Segment Open

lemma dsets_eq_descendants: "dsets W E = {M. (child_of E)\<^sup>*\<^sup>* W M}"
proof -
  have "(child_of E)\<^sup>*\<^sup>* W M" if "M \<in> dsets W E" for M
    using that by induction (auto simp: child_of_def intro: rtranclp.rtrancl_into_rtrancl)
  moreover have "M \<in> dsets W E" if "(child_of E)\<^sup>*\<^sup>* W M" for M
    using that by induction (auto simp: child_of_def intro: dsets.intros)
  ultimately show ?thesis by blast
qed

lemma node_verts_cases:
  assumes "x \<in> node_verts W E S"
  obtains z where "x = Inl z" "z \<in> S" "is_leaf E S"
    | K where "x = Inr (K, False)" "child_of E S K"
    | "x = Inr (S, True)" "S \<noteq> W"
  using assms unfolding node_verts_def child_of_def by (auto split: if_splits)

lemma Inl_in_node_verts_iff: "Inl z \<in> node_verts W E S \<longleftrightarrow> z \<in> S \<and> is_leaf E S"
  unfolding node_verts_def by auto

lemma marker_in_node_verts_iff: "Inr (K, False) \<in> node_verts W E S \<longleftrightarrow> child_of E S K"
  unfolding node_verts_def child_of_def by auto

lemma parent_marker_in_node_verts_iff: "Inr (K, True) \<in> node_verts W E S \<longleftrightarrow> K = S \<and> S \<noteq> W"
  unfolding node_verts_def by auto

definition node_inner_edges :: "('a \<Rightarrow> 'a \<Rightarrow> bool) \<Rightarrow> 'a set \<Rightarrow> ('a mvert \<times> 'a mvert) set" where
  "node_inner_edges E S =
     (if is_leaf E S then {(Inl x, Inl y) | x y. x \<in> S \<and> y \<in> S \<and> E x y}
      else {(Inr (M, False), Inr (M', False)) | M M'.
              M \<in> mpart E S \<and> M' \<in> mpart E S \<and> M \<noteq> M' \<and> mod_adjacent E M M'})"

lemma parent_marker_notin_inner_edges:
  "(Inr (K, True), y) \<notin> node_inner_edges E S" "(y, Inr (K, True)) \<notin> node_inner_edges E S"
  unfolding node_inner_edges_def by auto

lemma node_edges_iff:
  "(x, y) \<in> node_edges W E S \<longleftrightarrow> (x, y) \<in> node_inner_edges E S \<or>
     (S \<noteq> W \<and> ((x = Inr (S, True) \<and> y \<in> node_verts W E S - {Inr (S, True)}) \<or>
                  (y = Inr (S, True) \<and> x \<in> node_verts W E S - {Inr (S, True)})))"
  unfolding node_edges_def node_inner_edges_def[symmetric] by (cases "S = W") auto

Segment Closed

> **What to do**:
For the records above, state how many lines include "dsets", giving no more than the number.

> **Solution to the exercise**:
4